→ **DATA FOR REVIEW**:
....
lemma expected_value_SA_f:
  assumes "L1 \<subseteq> {..<n}" "L2 \<subseteq> {..<n}"
  shows "expected_value n (SA_f \<delta> n L1 L2) u =
    (if L1 = {} \<and> L2 = {} then mean {..<n} u
     else if L1 \<inter> L2 = {} then mean (L1 \<union> L2) u
     else (1 - \<delta>) * mean (L1 \<inter> L2) u + \<delta> * mean (L1 \<union> L2) u)"
proof -
  have "expected_value n (\<lambda>k. (1 - \<delta>) * UN_dist (L1 \<inter> L2) k + \<delta> * UN_dist (L1 \<union> L2) k) u
      = (1 - \<delta>) * expected_value n (UN_dist (L1 \<inter> L2)) u + \<delta> * expected_value n (UN_dist (L1 \<union> L2)) u"
    by (simp add: expected_value_def distrib_right sum.distrib sum_distrib_left mult.assoc)
  moreover have "L1 \<inter> L2 \<subseteq> {..<n}" "L1 \<union> L2 \<subseteq> {..<n}" using assms by auto
  ultimately show ?thesis
    by (simp add: SA_f_def expected_value_UN_dist)
qed

lemma payoff1_SA_f: "payoff1 (SA_f \<delta>) n a L1 L2 = expected_value n (SA_f \<delta> n L1 L2) (\<lambda>k. fst (a k))"
  by (simp add: payoff1_def expected_value_def)

lemma payoff2_SA_f: "payoff2 (SA_f \<delta>) n a L1 L2 = expected_value n (SA_f \<delta> n L2 L1) (\<lambda>k. snd (a k))"
  by (simp add: payoff2_def expected_value_def SA_f_commute)

lemma is_distribution_SA_f:
  assumes "0 \<le> \<delta>" "\<delta> \<le> 1" "n \<ge> 1" "L1 \<subseteq> {..<n}" "L2 \<subseteq> {..<n}"
  shows "is_distribution n (SA_f \<delta> n L1 L2)"
proof -
  have "{..<n} \<noteq> {}" "finite (L1 \<union> L2)" "finite (L1 \<inter> L2)"
    using assms(3-5) by (auto simp: lessThan_empty_iff intro: finite_subset)
  then have "expected_value n (SA_f \<delta> n L1 L2) (\<lambda>_. 1) = 1"
    using expected_value_SA_f[OF assms(4,5)] by (auto simp: mean_const)
  moreover have "SA_f \<delta> n L1 L2 k \<ge> 0" for k
    using assms(1,2) by (simp add: SA_f_def UN_dist_def)
  moreover have "SA_f \<delta> n L1 L2 k = 0" if "k \<ge> n" for k
    using assms(4,5) that by (auto simp: SA_f_def UN_dist_def)
  ultimately show ?thesis by (simp add: is_distribution_def expected_value_def)
qed

definition SA_best_response :: "real \<Rightarrow> nat \<Rightarrow> (nat \<Rightarrow> real) \<Rightarrow> nat set \<Rightarrow> nat set \<Rightarrow> bool" where
  "SA_best_response \<delta> n u S L \<longleftrightarrow>
     (\<forall>T\<subseteq>{..<n}. expected_value n (SA_f \<delta> n T L) u \<le> expected_value n (SA_f \<delta> n S L) u)"

lemma pure_NE_SA_iff:
  "pure_NE SA_Sig SA_Sig (SA_f \<delta>) n a L1 L2 \<longleftrightarrow>
     L1 \<subseteq> {..<n} \<and> L2 \<subseteq> {..<n}
     \<and> SA_best_response \<delta> n (\<lambda>k. fst (a k)) L1 L2 \<and> SA_best_response \<delta> n (\<lambda>k. snd (a k)) L2 L1"
  by (auto simp: pure_NE_def SA_Sig_def SA_best_response_def payoff1_SA_f payoff2_SA_f)
lemma coset_gprod: "H #>\<^bsub>\<Gamma>\<^esub> gprod c = qprod c"
  by (rule coset_pow_prod) auto

lemma qprod_mult_mod: "qprod c \<otimes>\<^bsub>Q\<^esub> qprod d = qprod (restrict (\<lambda>i. (c i + d i) mod p) {..<s})"
proof -
  have "qprod c \<otimes>\<^bsub>Q\<^esub> qprod d = pow_prod Q (\<lambda>i. H #>\<^bsub>\<Gamma>\<^esub> g i) (\<lambda>i. c i + d i) [0..<s]"
    by (rule Q.pow_prod_mult) (use coset_in_Q g_in_K in auto)
  also have "\<dots> = pow_prod Q (\<lambda>i. H #>\<^bsub>\<Gamma>\<^esub> g i) (\<lambda>i. (c i + d i) mod p) [0..<s]"
    by (rule Q.pow_prod_mod_exponent[symmetric]) (use coset_in_Q g_in_K coset_g_pow_p in auto)
  also have "\<dots> = qprod (restrict (\<lambda>i. (c i + d i) mod p) {..<s})"
    by (rule pow_prod_cong) auto
  finally show ?thesis .
qed

lemma qprod_closed: "qprod c \<in> carrier Q"
  using coset_in_Q g_in_K by (intro Q.pow_prod_closed) simp

lemma qprod_zero: "qprod (\<lambda>_. 0) = \<one>\<^bsub>Q\<^esub>"
  using coset_in_Q g_in_K by (intro Q.pow_prod_zero) auto

lemma qprod_mult_eq_one:
  assumes "\<And>i. i < s \<Longrightarrow> (c i + d i) mod p = 0"
  shows "qprod c \<otimes>\<^bsub>Q\<^esub> qprod d = \<one>\<^bsub>Q\<^esub>"
proof -
  have "qprod (restrict (\<lambda>i. (c i + d i) mod p) {..<s}) = qprod (\<lambda>_. 0)"
    using assms by (intro pow_prod_cong) auto
  then show ?thesis
    unfolding qprod_mult_mod qprod_zero .
qed

definition reduced_span :: "pmat set" where
  "reduced_span = {x \<in> K. \<exists>c\<in>exps. H #>\<^bsub>\<Gamma>\<^esub> x = qprod c}"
....
→ **EXERCISE INSTRUCTIONS**:
Whenever a line in the data above contains the word "otimes", include it in the tally, and report only the final number.

→ **ANSWER SECTION**:
3